**WORK TO BE COMPLETED:**
Starting with the line containing "text \<open>Bounds on" and going on through the line containing "C, _) \<Rightarrow>", return the lines of the data below exactly, and only those.

———

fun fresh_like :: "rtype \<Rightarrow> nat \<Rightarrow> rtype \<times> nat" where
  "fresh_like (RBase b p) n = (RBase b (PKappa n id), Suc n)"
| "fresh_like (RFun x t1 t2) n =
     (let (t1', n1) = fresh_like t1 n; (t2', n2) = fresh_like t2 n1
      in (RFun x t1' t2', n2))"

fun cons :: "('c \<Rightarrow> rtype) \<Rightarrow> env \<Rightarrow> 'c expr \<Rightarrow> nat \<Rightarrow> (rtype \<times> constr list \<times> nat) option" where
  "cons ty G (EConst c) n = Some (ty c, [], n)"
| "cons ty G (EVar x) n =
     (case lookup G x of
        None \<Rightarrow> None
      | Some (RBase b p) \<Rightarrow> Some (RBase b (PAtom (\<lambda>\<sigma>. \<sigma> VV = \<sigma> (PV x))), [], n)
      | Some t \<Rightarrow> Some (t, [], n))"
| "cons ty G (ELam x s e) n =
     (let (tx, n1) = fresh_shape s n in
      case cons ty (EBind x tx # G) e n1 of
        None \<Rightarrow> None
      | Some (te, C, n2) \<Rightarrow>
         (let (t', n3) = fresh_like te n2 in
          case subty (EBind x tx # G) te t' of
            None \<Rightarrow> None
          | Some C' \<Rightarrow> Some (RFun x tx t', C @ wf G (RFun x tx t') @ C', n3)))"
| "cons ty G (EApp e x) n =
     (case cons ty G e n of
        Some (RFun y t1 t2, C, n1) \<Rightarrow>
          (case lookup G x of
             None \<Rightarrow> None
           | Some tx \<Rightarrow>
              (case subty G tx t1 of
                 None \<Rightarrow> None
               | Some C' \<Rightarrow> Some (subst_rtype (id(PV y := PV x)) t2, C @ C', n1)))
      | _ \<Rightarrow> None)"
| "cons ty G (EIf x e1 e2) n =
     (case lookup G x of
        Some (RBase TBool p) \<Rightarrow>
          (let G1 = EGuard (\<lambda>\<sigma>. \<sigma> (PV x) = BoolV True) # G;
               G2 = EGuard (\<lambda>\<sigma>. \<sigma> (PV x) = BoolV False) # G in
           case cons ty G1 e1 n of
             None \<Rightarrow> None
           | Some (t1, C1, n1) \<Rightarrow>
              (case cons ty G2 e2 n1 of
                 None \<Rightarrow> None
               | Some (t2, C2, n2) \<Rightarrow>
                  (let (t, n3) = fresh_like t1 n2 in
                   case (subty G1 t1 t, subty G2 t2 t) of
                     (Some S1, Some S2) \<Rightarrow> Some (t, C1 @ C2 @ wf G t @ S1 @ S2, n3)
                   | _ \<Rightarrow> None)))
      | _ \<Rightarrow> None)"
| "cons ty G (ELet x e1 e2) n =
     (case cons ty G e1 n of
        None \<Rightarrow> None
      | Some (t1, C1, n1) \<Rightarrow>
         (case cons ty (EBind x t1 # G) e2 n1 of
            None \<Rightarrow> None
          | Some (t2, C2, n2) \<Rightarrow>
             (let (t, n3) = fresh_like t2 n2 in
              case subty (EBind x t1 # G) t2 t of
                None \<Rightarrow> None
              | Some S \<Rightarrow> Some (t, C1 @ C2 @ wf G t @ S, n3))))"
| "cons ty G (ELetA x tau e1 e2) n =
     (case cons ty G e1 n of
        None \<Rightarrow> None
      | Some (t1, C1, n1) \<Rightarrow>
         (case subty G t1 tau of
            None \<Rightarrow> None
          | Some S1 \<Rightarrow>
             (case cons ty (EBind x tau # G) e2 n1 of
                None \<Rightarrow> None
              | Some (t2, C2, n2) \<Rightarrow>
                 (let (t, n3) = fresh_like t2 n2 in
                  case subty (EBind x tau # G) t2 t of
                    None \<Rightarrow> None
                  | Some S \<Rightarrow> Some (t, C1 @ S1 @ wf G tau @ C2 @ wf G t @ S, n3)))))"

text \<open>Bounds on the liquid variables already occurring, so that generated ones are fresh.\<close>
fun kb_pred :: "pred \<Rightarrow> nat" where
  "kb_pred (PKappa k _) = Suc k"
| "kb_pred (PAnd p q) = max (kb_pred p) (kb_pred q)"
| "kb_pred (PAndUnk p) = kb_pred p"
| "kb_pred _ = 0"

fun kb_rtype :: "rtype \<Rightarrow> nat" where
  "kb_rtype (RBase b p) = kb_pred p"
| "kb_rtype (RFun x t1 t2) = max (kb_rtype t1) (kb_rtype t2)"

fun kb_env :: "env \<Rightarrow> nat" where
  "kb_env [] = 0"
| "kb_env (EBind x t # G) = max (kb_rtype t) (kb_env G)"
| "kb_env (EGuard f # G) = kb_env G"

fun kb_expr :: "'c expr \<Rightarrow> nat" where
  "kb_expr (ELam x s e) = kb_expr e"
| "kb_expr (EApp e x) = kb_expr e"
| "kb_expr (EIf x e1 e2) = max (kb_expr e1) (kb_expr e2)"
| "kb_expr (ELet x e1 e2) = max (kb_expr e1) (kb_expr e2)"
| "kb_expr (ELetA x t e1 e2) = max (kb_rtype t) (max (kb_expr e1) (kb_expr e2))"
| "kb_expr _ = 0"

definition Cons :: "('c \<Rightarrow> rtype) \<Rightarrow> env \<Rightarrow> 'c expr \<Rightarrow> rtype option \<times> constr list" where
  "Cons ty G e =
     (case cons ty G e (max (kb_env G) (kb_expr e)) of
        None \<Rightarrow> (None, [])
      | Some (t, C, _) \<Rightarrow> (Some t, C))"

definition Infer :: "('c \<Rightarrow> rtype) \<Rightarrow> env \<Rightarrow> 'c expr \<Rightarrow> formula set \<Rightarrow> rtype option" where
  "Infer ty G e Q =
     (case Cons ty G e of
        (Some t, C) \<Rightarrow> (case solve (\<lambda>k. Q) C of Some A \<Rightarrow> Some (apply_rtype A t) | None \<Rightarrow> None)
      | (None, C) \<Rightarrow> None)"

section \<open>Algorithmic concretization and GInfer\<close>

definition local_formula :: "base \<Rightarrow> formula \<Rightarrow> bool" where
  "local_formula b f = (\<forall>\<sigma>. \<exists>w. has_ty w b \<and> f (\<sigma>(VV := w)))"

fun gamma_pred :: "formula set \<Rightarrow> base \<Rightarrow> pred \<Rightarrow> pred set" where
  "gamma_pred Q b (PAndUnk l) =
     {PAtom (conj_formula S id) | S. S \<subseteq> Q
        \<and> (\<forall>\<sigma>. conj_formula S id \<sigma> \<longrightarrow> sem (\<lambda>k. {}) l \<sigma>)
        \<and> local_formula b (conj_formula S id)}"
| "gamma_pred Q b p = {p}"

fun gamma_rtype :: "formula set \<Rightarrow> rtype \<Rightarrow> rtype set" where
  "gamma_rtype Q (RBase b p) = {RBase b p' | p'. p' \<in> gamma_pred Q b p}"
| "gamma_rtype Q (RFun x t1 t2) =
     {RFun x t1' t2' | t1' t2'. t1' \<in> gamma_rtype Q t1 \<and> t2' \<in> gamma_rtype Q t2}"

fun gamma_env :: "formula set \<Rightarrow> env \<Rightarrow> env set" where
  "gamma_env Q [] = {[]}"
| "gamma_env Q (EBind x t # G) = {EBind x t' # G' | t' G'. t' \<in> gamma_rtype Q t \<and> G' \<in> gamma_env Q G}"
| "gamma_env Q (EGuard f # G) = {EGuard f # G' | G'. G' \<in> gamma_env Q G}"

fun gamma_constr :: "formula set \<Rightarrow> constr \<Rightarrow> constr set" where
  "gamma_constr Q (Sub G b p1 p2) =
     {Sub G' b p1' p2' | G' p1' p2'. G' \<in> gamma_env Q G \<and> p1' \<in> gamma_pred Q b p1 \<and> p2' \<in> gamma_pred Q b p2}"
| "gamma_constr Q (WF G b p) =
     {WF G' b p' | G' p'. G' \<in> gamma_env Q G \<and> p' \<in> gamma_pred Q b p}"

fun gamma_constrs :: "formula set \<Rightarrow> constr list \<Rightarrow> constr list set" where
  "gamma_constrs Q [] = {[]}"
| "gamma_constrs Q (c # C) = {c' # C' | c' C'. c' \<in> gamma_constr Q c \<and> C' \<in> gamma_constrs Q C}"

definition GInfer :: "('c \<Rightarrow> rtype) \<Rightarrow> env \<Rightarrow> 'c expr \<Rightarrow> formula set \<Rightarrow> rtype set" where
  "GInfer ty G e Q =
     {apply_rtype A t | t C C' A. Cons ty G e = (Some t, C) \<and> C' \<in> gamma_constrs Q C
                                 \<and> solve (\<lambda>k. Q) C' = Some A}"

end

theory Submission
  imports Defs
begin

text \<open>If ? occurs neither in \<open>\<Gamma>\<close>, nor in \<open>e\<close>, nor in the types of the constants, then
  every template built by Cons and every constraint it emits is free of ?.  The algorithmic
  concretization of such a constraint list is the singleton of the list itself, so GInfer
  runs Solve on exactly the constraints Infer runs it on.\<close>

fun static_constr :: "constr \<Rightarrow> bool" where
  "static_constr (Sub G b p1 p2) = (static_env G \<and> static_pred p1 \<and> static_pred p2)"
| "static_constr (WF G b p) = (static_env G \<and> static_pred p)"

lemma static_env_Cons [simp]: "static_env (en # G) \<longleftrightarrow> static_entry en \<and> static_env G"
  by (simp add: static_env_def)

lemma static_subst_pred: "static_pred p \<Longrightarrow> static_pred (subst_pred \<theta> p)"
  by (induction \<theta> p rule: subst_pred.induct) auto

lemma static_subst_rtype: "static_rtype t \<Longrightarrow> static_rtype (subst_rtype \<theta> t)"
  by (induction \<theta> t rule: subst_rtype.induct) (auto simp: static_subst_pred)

———

**ANSWER BELOW:**
text \<open>Bounds on the liquid variables already occurring, so that generated ones are fresh.\<close>
fun kb_pred :: "pred \<Rightarrow> nat" where
  "kb_pred (PKappa k _) = Suc k"
| "kb_pred (PAnd p q) = max (kb_pred p) (kb_pred q)"
| "kb_pred (PAndUnk p) = kb_pred p"
| "kb_pred _ = 0"

fun kb_rtype :: "rtype \<Rightarrow> nat" where
  "kb_rtype (RBase b p) = kb_pred p"
| "kb_rtype (RFun x t1 t2) = max (kb_rtype t1) (kb_rtype t2)"

fun kb_env :: "env \<Rightarrow> nat" where
  "kb_env [] = 0"
| "kb_env (EBind x t # G) = max (kb_rtype t) (kb_env G)"
| "kb_env (EGuard f # G) = kb_env G"

fun kb_expr :: "'c expr \<Rightarrow> nat" where
  "kb_expr (ELam x s e) = kb_expr e"
| "kb_expr (EApp e x) = kb_expr e"
| "kb_expr (EIf x e1 e2) = max (kb_expr e1) (kb_expr e2)"
| "kb_expr (ELet x e1 e2) = max (kb_expr e1) (kb_expr e2)"
| "kb_expr (ELetA x t e1 e2) = max (kb_rtype t) (max (kb_expr e1) (kb_expr e2))"
| "kb_expr _ = 0"

definition Cons :: "('c \<Rightarrow> rtype) \<Rightarrow> env \<Rightarrow> 'c expr \<Rightarrow> rtype option \<times> constr list" where
  "Cons ty G e =
     (case cons ty G e (max (kb_env G) (kb_expr e)) of
        None \<Rightarrow> (None, [])
      | Some (t, C, _) \<Rightarrow> (Some t, C))"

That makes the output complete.